Layer 2 — Delegation Managers / Routers. Choose model and service. Decide cheapest viable route vs premium strategist. Choose Witsy vs Ollama vs paid API. Enforce cost and latency rules.

Layer 3 — Researchers / Extractors. Pull source data. Scrape or retrieve task inputs. Normalize into structured payloads for downstream layers.

Layer 4 — Scorers / Classifiers. First-pass issue scoring, clustering, categorization, priority assignment, evidence labeling.

Layer 5 — Writers / Generators. Create drafts. Produce reports. Generate structured outputs.

Layer 6 — Critics / QA. Challenge the draft. Verify fit against requirements. The critic is always a separate model from the writer — never self-review.

Layer 7 — Publishers / Executors. Save files. Update dashboards. Push outputs to storage. Hand off to implementation channels.

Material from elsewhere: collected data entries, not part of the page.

lemma directed_plateau_strata:
  assumes "0 < d" "directed_plateau_polyhypercube d P" "directed d (replicate d 0) P"
  obtains lo hi :: "nat \<Rightarrow> nat \<Rightarrow> int" where
    "P = (\<Union>j<width P. hyperrect d (int j) (lo j) (hi j))"
    "\<And>l. 1 \<le> l \<Longrightarrow> l < d \<Longrightarrow> lo 0 l = 0"
    "\<And>j l. j < width P \<Longrightarrow> 1 \<le> l \<Longrightarrow> l < d \<Longrightarrow> lo j l \<le> hi j l"
    "\<And>j l. Suc j < width P \<Longrightarrow> 1 \<le> l \<Longrightarrow> l < d \<Longrightarrow>
      lo j l \<le> lo (Suc j) l \<and> lo (Suc j) l \<le> hi j l"
proof -
  let ?k = "width P"
  have P: "finite P" "P \<subseteq> cells d"
    using assms(2) by (auto simp: directed_plateau_polyhypercube_def directed_polyhypercube_def polyhypercube_def)
  have abscissas: "(\<lambda>c. c ! 0) ` P = int ` {..<?k}"
    using abscissas_directed[OF assms(1,3) P] assms(1) by (simp add: image_int_atLeastLessThan flip: atLeast0LessThan)
  have "\<exists>lo hi. stratum P (int j) = hyperrect d (int j) lo hi \<and> stratum P (int j) \<noteq> {}"
    if "j < ?k" for j
    using assms(2) abscissas that by (auto simp: directed_plateau_polyhypercube_def plateau_iff_hyperrect)
  then obtain lo hi
    where strata: "\<And>j. j < ?k \<Longrightarrow> stratum P (int j) = hyperrect d (int j) (lo j) (hi j)"
    and nonempty: "\<And>j. j < ?k \<Longrightarrow> stratum P (int j) \<noteq> {}"
    by metis
  have "P = (\<Union>j<?k. stratum P (int j))"
    using abscissas by (force simp: stratum_def)
  then have union: "P = (\<Union>j<?k. hyperrect d (int j) (lo j) (hi j))"
    using strata by simp
  have "0 < ?k"
    using abscissas assms(3) by (auto simp: directed_def)
  then have lo_0: "lo 0 l = 0" if "1 \<le> l" "l < d" for l
    using directed_from_origin_stratum_0[OF assms(1,3) _ that] strata[of 0] by simp
  have le: "lo j l \<le> hi j l" if "j < ?k" "1 \<le> l" "l < d" for j l
    using nonempty[OF that(1)] strata[OF that(1)] hyperrect_nonempty_iff[OF assms(1)] that(2,3) by simp
  have chain: "lo j l \<le> lo (Suc j) l \<and> lo (Suc j) l \<le> hi j l" if "Suc j < ?k" "1 \<le> l" "l < d" for j l
  proof (rule directed_strata_interlace[OF assms(1,3)])
    show "stratum P (int j) = hyperrect d (int j) (lo j) (hi j)"
      "stratum P (int j + 1) = hyperrect d (int j + 1) (lo (Suc j)) (hi (Suc j))"
      using strata[of j] strata[of "Suc j"] that(1) by (simp_all add: add.commute)
    have "mk_cell d (int (Suc j)) (lo (Suc j)) \<in> stratum P (int (Suc j))"
      using strata[OF that(1)] le[OF that(1)] assms(1) by (auto intro: mk_cell_in_hyperrect)
    then show "mk_cell d (int j + 1) (lo (Suc j)) \<in> P"
      by (simp add: stratum_def add.commute)
    show "mk_cell d (int j + 1) (lo (Suc j)) \<noteq> replicate d 0"
      using assms(1) by (auto dest: arg_cong[of _ _ "\<lambda>c. c ! 0"])
  qed (use that in auto)
  show thesis
    by (rule that[OF union lo_0 le chain])
qed

section \<open>Translations\<close>

lemma length_translate [simp]: "length (translate v c) = min (length c) (length v)"
  by (simp add: translate_def)

lemma nth_translate [simp]:
  "i < length c \<Longrightarrow> i < length v \<Longrightarrow> translate v c ! i = c ! i + v ! i"
  by (simp add: translate_def)

lemma translate_translate:
  "length v = length c \<Longrightarrow> length w = length c \<Longrightarrow>
    translate w (translate v c) = translate (map2 (+) v w) c"
  by (intro nth_equalityI) simp_all

lemma translate_replicate_zero: "length c = d \<Longrightarrow> translate (replicate d 0) c = c"
  by (intro nth_equalityI) simp_all

lemma image_translate_replicate_zero: "P \<subseteq> cells d \<Longrightarrow> translate (replicate d 0) ` P = P"
  by (auto simp: cells_def subset_iff translate_replicate_zero image_iff)

lemma translate_uminus: "length v = length c \<Longrightarrow> translate v (translate (map uminus v) c) = c"
  by (intro nth_equalityI) simp_all

lemma elem_step_translate:
  assumes "length v = d" "elem_step d a b"
  shows "elem_step d (translate v a) (translate v b)"
proof -
  obtain i where i: "length a = d" "i < d" "b = a[i := a ! i + 1]"
    using assms(2) unfolding elem_step_def by blast
  then have "translate v b = (translate v a)[i := translate v a ! i + 1]"
    using assms(1) by (intro nth_equalityI) (auto simp: nth_list_update)
  then show ?thesis
    unfolding elem_step_def using i assms(1) by auto
qed

lemma directed_translate:
  assumes "length v = d" "directed d r P"
  shows "directed d (translate v r) (translate v ` P)"
  unfolding directed_iff_steps
proof (intro conjI ballI)
  show "translate v r \<in> translate v ` P"
    using assms(2) by (simp add: directed_def)
  fix c' assume "c' \<in> translate v ` P"
  then obtain c where c: "c \<in> P" "c' = translate v c" by auto
  have "(r, c) \<in> (steps d P)\<^sup>*"
    using assms(2) c(1) by (simp add: directed_iff_steps)
  then show "(translate v r, c') \<in> (steps d (translate v ` P))\<^sup>*"
    unfolding c(2)
  proof (induction rule: rtrancl_induct)
    case (step y z)
    then have "(translate v y, translate v z) \<in> steps d (translate v ` P)"
      using elem_step_translate[OF assms(1)] by (auto simp: steps_def)
    then show ?case using step.IH by (rule rtrancl_into_rtrancl[rotated])
  qed simp
qed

Layer 8 — Monitors / Reporters. Track status. Normalize metrics. Maintain workflow state.

Free-first routing logic

The default execution rule: use the cheapest viable route. Escalate to paid or premium models only when the task genuinely requires it.

Task type	Default route	Escalate when
Bulk extraction	Cheapest reliable worker	Extraction quality weak
Classification/scoring	Cheap structured worker	Ambiguity high
Strategic brief	Premium strategist	High-stakes scope
Draft writing	Strong generator	Quality weak
QA/critique	Separate critic model	Risk high
Local/private drafting	Ollama peer¹	Quality insufficient

The Witsy substrate

Witsy (local service, port 8090) functions as the primary delegation hub — routing tasks across an engine inventory spanning OpenRouter, Mistral, Google Gemini, Groq, Cerebras, OpenAI, Anthropic, DeepSeek, xAI, and Ollama.²

Ollama operates as a peer local inference layer, not a subordinate Witsy dependency.¹ Recommended use cases: local low-cost summarization, quick reasoning or coding helpers, preprocessing, private draft generation, and overflow work when central routes are constrained.

Inbox/outbox protocol

Cross-agent handoff uses a structured message schema with defined status states:

{
  "task_id": "uuid-or-timestamp",
  "agent_from": "source-agent",
  "agent_to": "target-agent",
  "instruction": "detailed task",
  "model": "preferred-model",
  "timeout_sec": 180,
  "priority": "normal"
}

Status states: received → running → complete → error → escalation needed.

7 workflow types

Each workflow is a defined chain from orchestrator to publisher — templates, not ad hoc decisions.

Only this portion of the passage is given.